►

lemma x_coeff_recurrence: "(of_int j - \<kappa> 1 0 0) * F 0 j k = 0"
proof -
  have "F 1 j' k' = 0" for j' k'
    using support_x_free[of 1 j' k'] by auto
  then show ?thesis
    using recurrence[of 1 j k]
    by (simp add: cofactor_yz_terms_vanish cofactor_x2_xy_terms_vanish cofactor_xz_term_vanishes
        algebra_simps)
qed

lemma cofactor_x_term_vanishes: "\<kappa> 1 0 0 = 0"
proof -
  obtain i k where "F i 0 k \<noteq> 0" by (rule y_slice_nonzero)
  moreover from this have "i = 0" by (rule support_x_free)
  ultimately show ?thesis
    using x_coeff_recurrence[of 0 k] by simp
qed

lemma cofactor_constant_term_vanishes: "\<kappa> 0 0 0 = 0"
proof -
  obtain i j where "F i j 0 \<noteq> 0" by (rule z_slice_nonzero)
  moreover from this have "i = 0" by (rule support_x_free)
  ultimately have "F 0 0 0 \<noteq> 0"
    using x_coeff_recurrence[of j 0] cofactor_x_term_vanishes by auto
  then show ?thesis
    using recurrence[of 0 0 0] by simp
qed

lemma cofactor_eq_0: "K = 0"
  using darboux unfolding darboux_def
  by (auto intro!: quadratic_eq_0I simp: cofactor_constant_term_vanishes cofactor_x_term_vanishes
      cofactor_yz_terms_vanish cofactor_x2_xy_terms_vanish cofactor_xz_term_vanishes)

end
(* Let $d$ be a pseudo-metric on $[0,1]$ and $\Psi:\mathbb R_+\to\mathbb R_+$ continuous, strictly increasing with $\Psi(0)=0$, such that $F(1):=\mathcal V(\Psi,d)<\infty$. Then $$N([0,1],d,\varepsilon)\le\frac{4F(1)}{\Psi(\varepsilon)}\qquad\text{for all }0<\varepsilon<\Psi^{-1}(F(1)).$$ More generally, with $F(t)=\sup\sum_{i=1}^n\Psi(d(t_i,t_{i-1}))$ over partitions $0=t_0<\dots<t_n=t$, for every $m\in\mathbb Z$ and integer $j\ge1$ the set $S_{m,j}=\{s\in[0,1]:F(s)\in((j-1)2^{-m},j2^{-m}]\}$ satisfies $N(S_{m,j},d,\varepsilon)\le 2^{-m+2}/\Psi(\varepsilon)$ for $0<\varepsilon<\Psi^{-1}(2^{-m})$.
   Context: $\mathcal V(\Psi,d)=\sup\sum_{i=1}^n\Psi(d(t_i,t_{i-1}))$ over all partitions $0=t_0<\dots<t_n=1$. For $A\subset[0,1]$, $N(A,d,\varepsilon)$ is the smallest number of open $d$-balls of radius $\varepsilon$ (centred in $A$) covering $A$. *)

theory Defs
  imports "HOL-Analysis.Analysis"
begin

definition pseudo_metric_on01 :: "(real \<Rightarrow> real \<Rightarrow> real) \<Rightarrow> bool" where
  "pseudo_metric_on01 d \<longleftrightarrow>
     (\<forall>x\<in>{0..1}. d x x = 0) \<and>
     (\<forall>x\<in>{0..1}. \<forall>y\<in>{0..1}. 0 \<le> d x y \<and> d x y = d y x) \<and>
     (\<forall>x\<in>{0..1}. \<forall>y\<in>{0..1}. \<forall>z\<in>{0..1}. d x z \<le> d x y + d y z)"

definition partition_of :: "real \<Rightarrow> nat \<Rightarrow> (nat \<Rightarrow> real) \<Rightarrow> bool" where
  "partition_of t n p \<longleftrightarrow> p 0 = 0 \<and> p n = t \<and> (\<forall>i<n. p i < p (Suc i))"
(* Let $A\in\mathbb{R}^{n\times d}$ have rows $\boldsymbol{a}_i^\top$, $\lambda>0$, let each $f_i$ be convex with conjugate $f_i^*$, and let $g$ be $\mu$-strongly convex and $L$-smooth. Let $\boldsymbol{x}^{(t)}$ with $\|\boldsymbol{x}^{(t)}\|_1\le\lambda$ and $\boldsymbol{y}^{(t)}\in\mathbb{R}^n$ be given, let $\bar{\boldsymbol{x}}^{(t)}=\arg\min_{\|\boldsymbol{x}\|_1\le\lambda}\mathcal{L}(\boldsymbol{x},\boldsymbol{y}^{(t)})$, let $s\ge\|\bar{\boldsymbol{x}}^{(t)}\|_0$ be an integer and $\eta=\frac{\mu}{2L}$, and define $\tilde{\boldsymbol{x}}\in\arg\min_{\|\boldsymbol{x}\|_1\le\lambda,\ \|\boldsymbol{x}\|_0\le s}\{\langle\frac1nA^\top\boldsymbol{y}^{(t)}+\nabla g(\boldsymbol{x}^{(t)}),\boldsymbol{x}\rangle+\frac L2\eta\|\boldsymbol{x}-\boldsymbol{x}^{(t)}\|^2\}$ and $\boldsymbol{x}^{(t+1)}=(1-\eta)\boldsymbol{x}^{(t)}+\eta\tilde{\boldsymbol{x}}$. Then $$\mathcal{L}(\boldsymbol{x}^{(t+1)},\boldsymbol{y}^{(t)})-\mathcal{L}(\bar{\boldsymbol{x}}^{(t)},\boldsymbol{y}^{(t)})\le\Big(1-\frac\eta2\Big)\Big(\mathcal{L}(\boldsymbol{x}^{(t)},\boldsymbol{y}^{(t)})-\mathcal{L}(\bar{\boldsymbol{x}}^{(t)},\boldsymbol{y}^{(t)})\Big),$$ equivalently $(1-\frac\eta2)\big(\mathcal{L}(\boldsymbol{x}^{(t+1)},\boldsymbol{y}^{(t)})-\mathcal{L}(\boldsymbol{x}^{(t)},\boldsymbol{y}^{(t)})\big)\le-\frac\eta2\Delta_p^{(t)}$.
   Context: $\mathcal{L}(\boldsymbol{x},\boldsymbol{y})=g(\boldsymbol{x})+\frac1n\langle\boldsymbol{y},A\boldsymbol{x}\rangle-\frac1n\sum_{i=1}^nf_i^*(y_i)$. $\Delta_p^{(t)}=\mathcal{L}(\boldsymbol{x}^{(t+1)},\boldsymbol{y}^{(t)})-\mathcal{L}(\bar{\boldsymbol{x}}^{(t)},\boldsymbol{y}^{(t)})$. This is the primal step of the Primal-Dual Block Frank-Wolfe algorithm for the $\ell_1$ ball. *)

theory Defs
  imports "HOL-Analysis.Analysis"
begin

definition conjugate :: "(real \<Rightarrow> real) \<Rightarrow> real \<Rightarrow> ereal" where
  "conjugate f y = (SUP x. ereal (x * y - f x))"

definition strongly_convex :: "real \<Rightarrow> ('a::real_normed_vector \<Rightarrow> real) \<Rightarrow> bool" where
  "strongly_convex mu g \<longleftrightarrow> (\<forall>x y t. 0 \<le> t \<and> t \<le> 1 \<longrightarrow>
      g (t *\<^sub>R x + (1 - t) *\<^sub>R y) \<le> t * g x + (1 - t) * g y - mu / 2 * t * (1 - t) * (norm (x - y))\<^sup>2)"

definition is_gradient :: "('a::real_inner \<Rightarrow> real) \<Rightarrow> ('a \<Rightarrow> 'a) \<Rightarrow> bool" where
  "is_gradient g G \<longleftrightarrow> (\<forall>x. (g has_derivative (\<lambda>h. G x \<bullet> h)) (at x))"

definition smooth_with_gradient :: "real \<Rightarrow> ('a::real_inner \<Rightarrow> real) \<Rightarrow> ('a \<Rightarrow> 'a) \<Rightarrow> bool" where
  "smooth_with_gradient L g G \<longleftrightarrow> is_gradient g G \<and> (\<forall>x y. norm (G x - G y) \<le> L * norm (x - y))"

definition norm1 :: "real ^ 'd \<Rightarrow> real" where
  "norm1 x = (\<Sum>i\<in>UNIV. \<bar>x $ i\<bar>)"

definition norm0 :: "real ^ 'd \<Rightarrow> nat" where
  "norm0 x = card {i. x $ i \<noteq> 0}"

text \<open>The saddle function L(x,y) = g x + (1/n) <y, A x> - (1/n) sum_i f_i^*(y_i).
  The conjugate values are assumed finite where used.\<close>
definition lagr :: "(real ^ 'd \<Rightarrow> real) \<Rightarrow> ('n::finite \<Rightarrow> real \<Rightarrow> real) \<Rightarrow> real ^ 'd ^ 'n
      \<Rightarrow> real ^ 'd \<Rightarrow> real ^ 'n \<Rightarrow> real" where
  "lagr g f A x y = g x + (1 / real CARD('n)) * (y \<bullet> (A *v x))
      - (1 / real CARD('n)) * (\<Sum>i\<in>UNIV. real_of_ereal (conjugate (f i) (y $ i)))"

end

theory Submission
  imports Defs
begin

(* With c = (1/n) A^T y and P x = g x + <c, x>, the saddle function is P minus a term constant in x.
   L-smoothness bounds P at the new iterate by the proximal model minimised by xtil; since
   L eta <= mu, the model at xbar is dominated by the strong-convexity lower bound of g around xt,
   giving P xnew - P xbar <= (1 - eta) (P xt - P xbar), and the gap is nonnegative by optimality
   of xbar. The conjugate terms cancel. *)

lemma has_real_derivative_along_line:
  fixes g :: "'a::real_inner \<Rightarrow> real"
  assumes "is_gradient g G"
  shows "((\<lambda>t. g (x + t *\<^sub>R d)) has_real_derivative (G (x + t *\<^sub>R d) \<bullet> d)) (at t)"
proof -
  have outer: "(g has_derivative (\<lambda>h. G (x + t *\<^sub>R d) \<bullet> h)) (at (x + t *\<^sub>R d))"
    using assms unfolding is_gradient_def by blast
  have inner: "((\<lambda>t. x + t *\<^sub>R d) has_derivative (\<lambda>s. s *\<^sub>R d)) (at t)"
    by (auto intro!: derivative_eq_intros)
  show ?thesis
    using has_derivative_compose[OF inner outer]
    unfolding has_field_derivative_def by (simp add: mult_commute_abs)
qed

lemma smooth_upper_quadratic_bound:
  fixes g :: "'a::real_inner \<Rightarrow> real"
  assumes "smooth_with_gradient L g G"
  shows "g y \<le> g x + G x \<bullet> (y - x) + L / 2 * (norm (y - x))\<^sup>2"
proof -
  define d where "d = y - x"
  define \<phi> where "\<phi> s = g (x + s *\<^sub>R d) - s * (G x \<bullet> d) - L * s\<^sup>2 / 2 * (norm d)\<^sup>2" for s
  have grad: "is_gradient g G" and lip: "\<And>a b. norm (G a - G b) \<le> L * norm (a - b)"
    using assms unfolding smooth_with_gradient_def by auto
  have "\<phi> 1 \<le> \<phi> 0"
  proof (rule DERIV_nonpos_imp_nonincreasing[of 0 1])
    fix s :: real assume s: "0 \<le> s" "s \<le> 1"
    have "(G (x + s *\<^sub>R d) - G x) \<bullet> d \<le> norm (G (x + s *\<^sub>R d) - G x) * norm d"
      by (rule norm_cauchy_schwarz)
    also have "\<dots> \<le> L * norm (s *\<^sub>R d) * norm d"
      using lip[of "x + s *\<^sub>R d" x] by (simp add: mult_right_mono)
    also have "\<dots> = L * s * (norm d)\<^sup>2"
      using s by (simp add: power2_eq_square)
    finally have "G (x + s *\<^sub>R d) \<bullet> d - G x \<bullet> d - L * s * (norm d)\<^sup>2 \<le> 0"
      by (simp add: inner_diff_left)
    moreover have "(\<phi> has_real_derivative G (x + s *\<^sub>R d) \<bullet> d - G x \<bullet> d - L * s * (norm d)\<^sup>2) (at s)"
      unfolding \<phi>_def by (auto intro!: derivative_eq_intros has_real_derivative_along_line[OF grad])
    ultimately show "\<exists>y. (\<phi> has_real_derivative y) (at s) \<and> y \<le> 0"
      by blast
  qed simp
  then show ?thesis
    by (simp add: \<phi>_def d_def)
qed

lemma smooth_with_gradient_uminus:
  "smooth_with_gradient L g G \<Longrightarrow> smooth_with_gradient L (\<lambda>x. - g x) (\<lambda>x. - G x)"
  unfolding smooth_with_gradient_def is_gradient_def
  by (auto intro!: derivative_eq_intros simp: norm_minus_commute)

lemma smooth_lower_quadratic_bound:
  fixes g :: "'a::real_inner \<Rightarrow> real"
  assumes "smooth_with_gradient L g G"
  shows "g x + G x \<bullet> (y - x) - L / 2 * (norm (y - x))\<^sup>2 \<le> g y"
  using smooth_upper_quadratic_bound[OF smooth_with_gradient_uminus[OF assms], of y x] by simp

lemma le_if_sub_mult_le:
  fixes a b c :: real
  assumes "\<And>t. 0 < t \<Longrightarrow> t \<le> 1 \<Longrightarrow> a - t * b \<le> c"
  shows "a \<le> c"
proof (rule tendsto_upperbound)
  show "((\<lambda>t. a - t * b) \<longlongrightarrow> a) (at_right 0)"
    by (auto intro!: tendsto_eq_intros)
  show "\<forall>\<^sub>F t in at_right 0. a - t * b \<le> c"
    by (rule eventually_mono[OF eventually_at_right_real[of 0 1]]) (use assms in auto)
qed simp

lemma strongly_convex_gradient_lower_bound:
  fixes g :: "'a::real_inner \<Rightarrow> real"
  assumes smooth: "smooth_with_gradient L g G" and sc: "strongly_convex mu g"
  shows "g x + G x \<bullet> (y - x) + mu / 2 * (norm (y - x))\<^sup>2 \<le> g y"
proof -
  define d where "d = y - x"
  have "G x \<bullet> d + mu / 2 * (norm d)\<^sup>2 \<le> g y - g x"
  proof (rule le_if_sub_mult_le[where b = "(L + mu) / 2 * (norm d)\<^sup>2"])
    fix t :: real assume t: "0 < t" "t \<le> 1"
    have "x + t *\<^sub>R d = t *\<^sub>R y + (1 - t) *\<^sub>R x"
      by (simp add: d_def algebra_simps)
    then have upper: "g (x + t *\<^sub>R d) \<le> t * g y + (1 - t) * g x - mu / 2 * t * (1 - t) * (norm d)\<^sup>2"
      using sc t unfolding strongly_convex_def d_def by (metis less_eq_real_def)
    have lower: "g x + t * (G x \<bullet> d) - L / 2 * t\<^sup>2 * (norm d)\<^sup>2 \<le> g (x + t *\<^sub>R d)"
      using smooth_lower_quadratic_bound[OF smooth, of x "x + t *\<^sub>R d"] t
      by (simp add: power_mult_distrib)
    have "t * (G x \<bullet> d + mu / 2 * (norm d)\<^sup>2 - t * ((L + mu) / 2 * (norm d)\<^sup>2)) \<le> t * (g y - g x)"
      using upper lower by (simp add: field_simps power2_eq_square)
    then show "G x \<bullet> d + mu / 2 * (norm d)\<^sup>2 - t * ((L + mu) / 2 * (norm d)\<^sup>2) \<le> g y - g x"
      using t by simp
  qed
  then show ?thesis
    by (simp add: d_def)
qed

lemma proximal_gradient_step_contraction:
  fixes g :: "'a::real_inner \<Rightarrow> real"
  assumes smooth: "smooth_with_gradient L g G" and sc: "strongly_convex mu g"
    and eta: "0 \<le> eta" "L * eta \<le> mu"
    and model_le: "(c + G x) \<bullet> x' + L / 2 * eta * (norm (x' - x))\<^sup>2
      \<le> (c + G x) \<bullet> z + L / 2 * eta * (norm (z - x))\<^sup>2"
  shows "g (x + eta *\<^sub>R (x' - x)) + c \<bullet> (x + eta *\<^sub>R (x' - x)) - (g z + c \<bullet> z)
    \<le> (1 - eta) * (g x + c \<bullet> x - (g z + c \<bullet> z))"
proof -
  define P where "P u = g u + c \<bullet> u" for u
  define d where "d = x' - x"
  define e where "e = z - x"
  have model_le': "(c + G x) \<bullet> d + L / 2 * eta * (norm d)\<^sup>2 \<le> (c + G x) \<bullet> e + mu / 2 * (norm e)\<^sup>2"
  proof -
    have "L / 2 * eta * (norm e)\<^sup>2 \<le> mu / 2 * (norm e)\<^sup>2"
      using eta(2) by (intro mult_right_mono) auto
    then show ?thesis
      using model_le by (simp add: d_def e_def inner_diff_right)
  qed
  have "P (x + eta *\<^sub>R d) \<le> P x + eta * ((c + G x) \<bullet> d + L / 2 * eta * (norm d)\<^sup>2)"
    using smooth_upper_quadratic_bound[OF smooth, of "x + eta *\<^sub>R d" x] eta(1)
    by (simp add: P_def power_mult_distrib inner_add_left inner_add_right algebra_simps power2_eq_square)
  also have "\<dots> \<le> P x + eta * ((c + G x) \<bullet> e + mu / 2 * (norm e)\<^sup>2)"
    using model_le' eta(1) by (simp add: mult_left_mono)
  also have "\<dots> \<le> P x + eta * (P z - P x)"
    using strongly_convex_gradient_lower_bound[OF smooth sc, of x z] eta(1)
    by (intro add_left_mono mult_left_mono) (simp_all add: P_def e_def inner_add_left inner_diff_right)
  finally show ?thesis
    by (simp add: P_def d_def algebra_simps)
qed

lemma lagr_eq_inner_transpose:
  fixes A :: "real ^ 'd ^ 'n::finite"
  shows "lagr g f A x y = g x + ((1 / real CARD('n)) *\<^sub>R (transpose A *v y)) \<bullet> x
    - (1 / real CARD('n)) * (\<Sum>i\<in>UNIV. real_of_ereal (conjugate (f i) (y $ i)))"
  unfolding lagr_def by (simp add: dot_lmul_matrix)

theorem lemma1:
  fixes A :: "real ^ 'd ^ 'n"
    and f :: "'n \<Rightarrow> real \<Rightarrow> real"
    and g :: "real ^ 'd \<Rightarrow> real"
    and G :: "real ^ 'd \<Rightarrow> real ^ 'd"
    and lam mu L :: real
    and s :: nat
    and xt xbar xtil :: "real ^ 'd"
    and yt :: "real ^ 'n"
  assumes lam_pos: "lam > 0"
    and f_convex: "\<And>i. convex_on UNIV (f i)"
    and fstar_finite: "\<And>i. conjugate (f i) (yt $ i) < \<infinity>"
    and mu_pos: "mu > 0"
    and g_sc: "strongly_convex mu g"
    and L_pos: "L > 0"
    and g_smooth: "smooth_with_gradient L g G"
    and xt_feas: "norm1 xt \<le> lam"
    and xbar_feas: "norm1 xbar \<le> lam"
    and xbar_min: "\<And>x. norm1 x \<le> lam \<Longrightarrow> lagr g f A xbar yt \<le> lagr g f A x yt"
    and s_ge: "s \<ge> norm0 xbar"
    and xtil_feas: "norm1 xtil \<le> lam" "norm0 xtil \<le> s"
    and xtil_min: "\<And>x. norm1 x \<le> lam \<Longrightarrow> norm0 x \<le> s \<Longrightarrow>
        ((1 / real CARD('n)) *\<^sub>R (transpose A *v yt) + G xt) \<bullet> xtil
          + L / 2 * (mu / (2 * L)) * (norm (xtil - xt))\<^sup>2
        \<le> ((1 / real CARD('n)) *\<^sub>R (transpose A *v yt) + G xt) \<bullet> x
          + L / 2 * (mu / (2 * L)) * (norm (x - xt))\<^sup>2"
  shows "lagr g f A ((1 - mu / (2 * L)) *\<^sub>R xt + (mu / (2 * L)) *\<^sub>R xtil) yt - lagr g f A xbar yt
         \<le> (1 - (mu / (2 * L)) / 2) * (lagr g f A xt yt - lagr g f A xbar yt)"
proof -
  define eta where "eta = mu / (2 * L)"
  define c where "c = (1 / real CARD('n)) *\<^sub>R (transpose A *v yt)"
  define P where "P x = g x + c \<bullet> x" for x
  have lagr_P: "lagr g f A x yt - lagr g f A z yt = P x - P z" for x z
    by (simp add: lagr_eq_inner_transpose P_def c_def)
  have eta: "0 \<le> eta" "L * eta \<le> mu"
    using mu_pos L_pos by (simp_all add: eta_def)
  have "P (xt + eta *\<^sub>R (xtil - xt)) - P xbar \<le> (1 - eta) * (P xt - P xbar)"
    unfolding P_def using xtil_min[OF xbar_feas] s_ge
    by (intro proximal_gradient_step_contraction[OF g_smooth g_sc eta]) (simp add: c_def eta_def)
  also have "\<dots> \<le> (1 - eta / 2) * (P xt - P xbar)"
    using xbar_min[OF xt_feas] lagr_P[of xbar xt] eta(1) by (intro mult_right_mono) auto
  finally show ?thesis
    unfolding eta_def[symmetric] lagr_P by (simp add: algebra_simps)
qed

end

◄

== TRY IT ==
An exact repeat of the lines from the one containing "x = g x + c \<bullet>" through the final line above, both included, is the whole answer.

== YOUR RESPONSE ==
  define P where "P x = g x + c \<bullet> x" for x
  have lagr_P: "lagr g f A x yt - lagr g f A z yt = P x - P z" for x z
    by (simp add: lagr_eq_inner_transpose P_def c_def)
  have eta: "0 \<le> eta" "L * eta \<le> mu"
    using mu_pos L_pos by (simp_all add: eta_def)
  have "P (xt + eta *\<^sub>R (xtil - xt)) - P xbar \<le> (1 - eta) * (P xt - P xbar)"
    unfolding P_def using xtil_min[OF xbar_feas] s_ge
    by (intro proximal_gradient_step_contraction[OF g_smooth g_sc eta]) (simp add: c_def eta_def)
  also have "\<dots> \<le> (1 - eta / 2) * (P xt - P xbar)"
    using xbar_min[OF xt_feas] lagr_P[of xbar xt] eta(1) by (intro mult_right_mono) auto
  finally show ?thesis
    unfolding eta_def[symmetric] lagr_P by (simp add: algebra_simps)
qed

end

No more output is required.